Phylogenomic inference of publicly available genomes from 14 Pseudoalteromonas sp. strains and the genomes of our two Pseudoalteromonas galatheae strains (pBMC1 and pBMC2; highlighted in bold), totaling 16 genomes. The tree was assembled by comparing 1000 proteins using the codon tree method of the PATRIC platform. This method selects global protein families as homology groups and analyzes aligned proteins and DNA encoding single-copy genes using the RAxML program. Based on RAxML, the Jones–Taylor–Thornton protein model was considered the best model to construct this tree. Gray dots on the branches correspond to a bootstrap value of 100. The isolate source is indicated on the right side of each strain. The blue-shaded area represents the monophyletic clade comprising pBMC1 and pBMC2.

Figure 2
figure 2

Phylogenomic inference of publicly available genomes from 26 Cobetia sp. strains, the genome of Cobetia sp. BMC6 from Rosado and colleagues172, and the genome of our two Cobetia sp. strains (pBMC3 and pBMC4; highlighted in bold) totaling 29 genomes. The tree was assembled by comparing 1000 proteins using the codon tree method of the PATRIC platform. This method selects global protein families as homology groups and analyzes aligned proteins and DNA encoding single-copy genes using the RAxML program. Based on RAxML, the Jones–Taylor–Thornton protein model was considered the best model to construct this tree. The isolate source is indicated on the right side of each strain. Gray dots on the branches correspond to a bootstrap value of 100. The blue-shaded area represents the monophyletic clade comprising pBMC3 and pBMC4. The Cobetia sp. BMC strain from the study by Rosado and colleagues172 is shaded in green.

Figure 3
figure 3

Phylogenomic inference of publicly available genomes from 24 Halomonas sp. strains, the genome of Halomonas sp. BMC7 from Rosado and colleagues172 and the genome of our Halomonas sp. strain pBMC5 (highlighted in bold), totaling 26 genomes. The tree was assembled by comparing 1000 proteins using the codon tree method of the PATRIC platform. This method selects global protein families as homology groups and analyzes aligned proteins and DNA encoding single-copy genes using the RAxML program. Based on RAxML, the LG model was considered the best model to construct this tree. Gray dots on the branches correspond to a bootstrap value of 100. The isolate source is indicated on the right side of each strain. The blue-shaded area represents the strains that form a monophyletic clade with pBMC5. The Halomonas sp. BMC strain from Rosado and colleagues26,172 is shaded in green.

Figure 4
figure 4

Phylogenomic inference of publicly available genomes from 1 Sutcliffiella sp. strain and ten Bacillus sp. strains and the genome of our Sutcliffiella sp. strain pBMC6 (highlighted in bold), totaling 12 genomes. The tree was assembled by comparing 1000 proteins using the codon tree method of the PATRIC platform. This method selects global protein families as homology groups and analyzes aligned proteins and DNA encoding single-copy genes using the RAxML program. Based on RAxML, the LG model was considered the best model to construct this tree. Gray dots on the branches correspond to a bootstrap value of 100. The isolate source is indicated on the right side of each strain. The blue-shaded area represents the strains that form a monophyletic clade with pBMC6.

Figure 5
figure 5

Genome maps of the six putative BMC strains. The rings (from outside to inside) indicate the nucleotide position in the genome, predicted genes on the forward strand, predicted genes on the reverse strand, location of putative prophages (as predicted by PHASTEST and VirSorter2), and percent GC content (higher GC content = yellow, lower GC content = purple). Genes predicted to encode beneficial proteins are color-coded in the outer rings. The circular genomes were visualized using DNAplotter 177.

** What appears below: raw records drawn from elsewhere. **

(* Let $k=k(n)$ be integers with $1\le k=O(\log n)$ and let $h(n)=o(n/\log^2 n)$. For every $\eta>0$ there is $n_0$ such that for all $n\ge n_0$ and every $X\subseteq Q=\{0,1\}^n$ with $\mu(X)\ge\exp[-h(n)]$, if $x$ is chosen uniformly from $X$ then $$\Pr(T(x)\in X)<(1+\eta)\mu(X).$$
   Context: $Q=\{0,1\}^n$ with uniform probability measure $\mu$. For $x\in Q$, $T(x)$ is the random element of $Q$ obtained by choosing $K$ uniformly from the $k$-subsets of $[n]$, keeping $x_i$ for $i\in K$, and replacing each $x_i$ with $i\notin K$ by an independent uniform bit (independently of everything else, including the choice of $x$). *)

theory Defs
  imports "HOL-Probability.Probability" "HOL-Library.Landau_Symbols"
begin

text \<open>The cube Q = {0,1}^n, represented as bit vectors x :: nat => bool with
  x i = False for i >= n (coordinates are 0..n-1).\<close>
definition cube :: "nat \<Rightarrow> (nat \<Rightarrow> bool) set" where
  "cube n = {x. \<forall>i\<ge>n. \<not> x i}"

definition mu :: "nat \<Rightarrow> (nat \<Rightarrow> bool) set \<Rightarrow> real" where
  "mu n X = real (card X) / 2 ^ n"

text \<open>T(x): choose K uniformly among k-subsets of [n], keep x_i for i in K,
  replace the other coordinates by independent uniform bits (realised as the
  coordinates of an independent uniform point y of the cube).\<close>
definition T :: "nat \<Rightarrow> nat \<Rightarrow> (nat \<Rightarrow> bool) \<Rightarrow> (nat \<Rightarrow> bool) pmf" where
  "T n k x = do {
     K \<leftarrow> pmf_of_set {K. K \<subseteq> {..<n} \<and> card K = k};
     y \<leftarrow> pmf_of_set (cube n);
     return_pmf (\<lambda>i. if i \<in> K then x i else y i)
   }"

end

theory Submission
  imports Defs "HOL-Real_Asymp.Real_Asymp"
begin
lemma fischer_op_add: "fischer_op p a (q1 + q2) = fischer_op p a q1 + fischer_op p a q2"
  and fischer_op_diff: "fischer_op p a (q1 - q2) = fischer_op p a q1 - fischer_op p a q2"
  and fischer_op_bconst_mult: "fischer_op p a (bconst c * q) = bconst c * fischer_op p a q"
    apply (simp add: fischer_op_def distrib_left laplace_pow_add)
   apply (simp add: fischer_op_def right_diff_distrib laplace_pow_diff)
  apply (simp only: fischer_op_def mult.left_commute[of "Pa p a"] laplace_pow_bconst_mult)
  done

lemma Mmat_mult_outer_zcoords:
  fixes a :: "nat \<Rightarrow> real"
  assumes "p \<ge> 1" "q \<in> homog_polys m" "r < 2 * p"
  defines "c \<equiv> zcoord (m + 2 * p) (Pa p a * q)"
  shows "(Mmat m p a *\<^sub>v vec (2 * p) (\<lambda>k. c (outer_index m p k))) $ r
    = - (\<Sum>j\<in>{p..m + p}. c j * Anode a r ^ j)"
proof -
  have "(Mmat m p a *\<^sub>v vec (2 * p) (\<lambda>k. c (outer_index m p k))) $ r
      = (\<Sum>k<2 * p. c (outer_index m p k) * Anode a r ^ outer_index m p k)"
    using assms(3) by (simp add: Mmat_eq scalar_prod_def lessThan_atLeast0 ac_simps)
  then show ?thesis
    using zcoord_Pa_mult_equations[OF assms(1-3), of a]
    unfolding sum_atMost_split_outer_middle c_def by (simp add: eq_neg_iff_add_eq_0)
qed

lemma middle_zcoord_eq_0:
  assumes "p \<ge> 1" "q \<in> homog_polys m" "j \<in> {p..m + p}" "zcoord m (fischer_op p a q) (j - p) = 0"
  shows "zcoord (m + 2 * p) (Pa p a * q) j = 0"
proof -
  have "lap_factor p (m + 2 * p) j \<noteq> 0"
    using assms(3) by (auto simp: lap_factor_eq_0_iff)
  then show ?thesis
    using zcoord_fischer_op[OF assms(1,2), of "j - p" a] assms(3,4) by auto
qed

lemma fischer_op_eq_0_imp:
  assumes "p \<ge> 1" "q \<in> homog_polys m" "Determinant.det (Mmat m p a) \<noteq> 0" "fischer_op p a q = 0"
  shows "q = 0"
proof -
  define c where "c = zcoord (m + 2 * p) (Pa p a * q)"
  have middle: "c j = 0" if "j \<in> {p..m + p}" for j
  proof -
    have "j - p \<le> m"
      using that by auto
    then have "zcoord m (fischer_op p a q) (j - p) = 0"
      using assms(4) zcoord_0 by simp
    then show ?thesis
      using middle_zcoord_eq_0[where a=a, OF assms(1,2) that] by (simp add: c_def)
  qed
  define v where "v = vec (2 * p) (\<lambda>k. c (outer_index m p k))"
  have "Mmat m p a *\<^sub>v v = 0\<^sub>v (2 * p)"
    using Mmat_mult_outer_zcoords[OF assms(1,2)] middle
    by (intro eq_vecI) (auto simp: v_def c_def Mmat_eq)
  moreover have "v \<in> carrier_vec (2 * p)"
    by (simp add: v_def)
  ultimately have "v = 0\<^sub>v (2 * p)"
    using assms(3) det_0_iff_vec_prod_zero[OF Mmat_carrier[of m p a]] by blast
  then have outer: "c (outer_index m p k) = 0" if "k < 2 * p" for k
  proof -
    have "v $ k = 0"
      using that by (simp add: \<open>v = 0\<^sub>v (2 * p)\<close>)
    then show ?thesis
      using that by (simp add: v_def)
  qed
  have "Pa p a * q = zcomb (m + 2 * p) c"
    using zcomb_zcoord_Pa_mult[where a=a, OF assms(1,2)] by (simp add: c_def)
  also have "\<dots> = 0"
  proof -
    have "c j = 0" if "j \<le> m + 2 * p" for j
      using index_cases_outer_or_middle[OF that] middle outer by blast
    then show ?thesis
      by (simp add: zcomb_def)
  qed
  finally show "q = 0"
    using Pa_neq_0 by simp
qed
section \<open>Bijectivity of the Fischer operator\<close>

lemma exists_mult_mat_vec_eq_if_det_neq_0:
  fixes A :: "'a::field mat"
  assumes A: "A \<in> carrier_mat n n" and det: "Determinant.det A \<noteq> 0" and b: "b \<in> carrier_vec n"
  shows "\<exists>v\<in>carrier_vec n. A *\<^sub>v v = b"
proof
  define v where "v = (1 / Determinant.det A) \<cdot>\<^sub>v (adj_mat A *\<^sub>v b)"
  show "v \<in> carrier_vec n"
    using adj_mat(1)[OF A] b by (simp add: v_def)
  have "A *\<^sub>v v = (1 / Determinant.det A) \<cdot>\<^sub>v ((A * adj_mat A) *\<^sub>v b)"
    using A adj_mat(1)[OF A] b by (simp add: v_def mult_mat_vec assoc_mult_mat_vec)
  also have "(A * adj_mat A) *\<^sub>v b = Determinant.det A \<cdot>\<^sub>v b"
  proof (rule eq_vecI)
    fix i
    assume "i < dim_vec (Determinant.det A \<cdot>\<^sub>v b)"
    then have i: "i < n" using b by simp
    have "(\<Sum>j = 0..<n. Determinant.det A * (if i = j then 1 else 0) * b $ j)
        = (\<Sum>j\<in>{i}. Determinant.det A * b $ j)"
      using i by (intro sum.mono_neutral_cong_right) auto
    then show "((A * adj_mat A) *\<^sub>v b) $ i = (Determinant.det A \<cdot>\<^sub>v b) $ i"
      using i b by (simp add: adj_mat(2)[OF A] scalar_prod_def one_mat_def)
  qed (use b A in \<open>simp add: adj_mat(2)[OF A]\<close>)
  finally show "A *\<^sub>v v = b"
    using det b by (intro eq_vecI) auto
qed

definition coord_mat :: "nat \<Rightarrow> (bpoly \<Rightarrow> bpoly) \<Rightarrow> complex mat" where
  "coord_mat m F = mat (m + 1) (m + 1) (\<lambda>(i, j). zcoord m (F (zmonom m j)) i)"

lemma coord_mat_carrier: "coord_mat m F \<in> carrier_mat (m + 1) (m + 1)"
  by (simp add: coord_mat_def)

Pangenomic analysis and gene categorization

We used the Prokka annotations to generate a separate pangenome for each pBMC genus (Pseudoalteromonas, Cobetia, Halomonas, and Sutcliffiella) using the Roary tool77, with the default settings. For each pangenome, sequences from the closest genomes to our pBMC strains, which were identified based on the phylogenomic tree results, were added to the analysis. For the pangenomic analysis of Pseudoalteromonas sp., in addition to our two Pseudoalteromonas galatheae genomes (pBMC1 and pBMC2), 19 additional Pseudoalteromonas sp. genomes were included (from Fig. 1). For the pangenomic analysis of Cobetia sp., in addition to our two Cobetia amphilecti genomes (pBMC3 and pBMC4), three Cobetia sp. genomes were added (from Fig. 2). The pangenome of Halomonas sp. included our single Halomonas sp. genome (pBMC5) and three other Halomonas sp. genomes (from Fig. 3). For Sutcliffiella sp., its pangenome consisted of the genome of Sutcliffiella sp. pBMC6, one other Sutcliffiella sp. genome, and two Bacillus sp. genomes (from Fig. 4). All genomes used for comparison with the pBMC genomes were obtained from the BV-BRC genome database61. The pangenomes were created and visualized using the Anvi’o platform78, and the genes were categorized according to these results. Singleton genes were defined as genes that were only present in one or more of the pBMC genomes and not in the other genomes that were part of the same pangenome. These singleton genes were identified for each pBMC and screened for their potential to enhance the health status and resilience of the host using UniProt (https://www.uniprot.org/)79.

Results

Genomic features of pBMC

The six pBMC genomes were sequenced using PacBio, resulting in several cleaned and trimmed high-quality reads of 137,126–345,950, with an average read length of 5827 bp. The genomes were assembled using Canu50, resulting in 2–9 contigs per strain. CheckM analysis revealed a high level of genome completeness (> 99% for all genomes except Sutcliffiella sp. pBMC6, which was > 97.5%) and a low level of contamination (< 2.5%) for all genomes (Table S1).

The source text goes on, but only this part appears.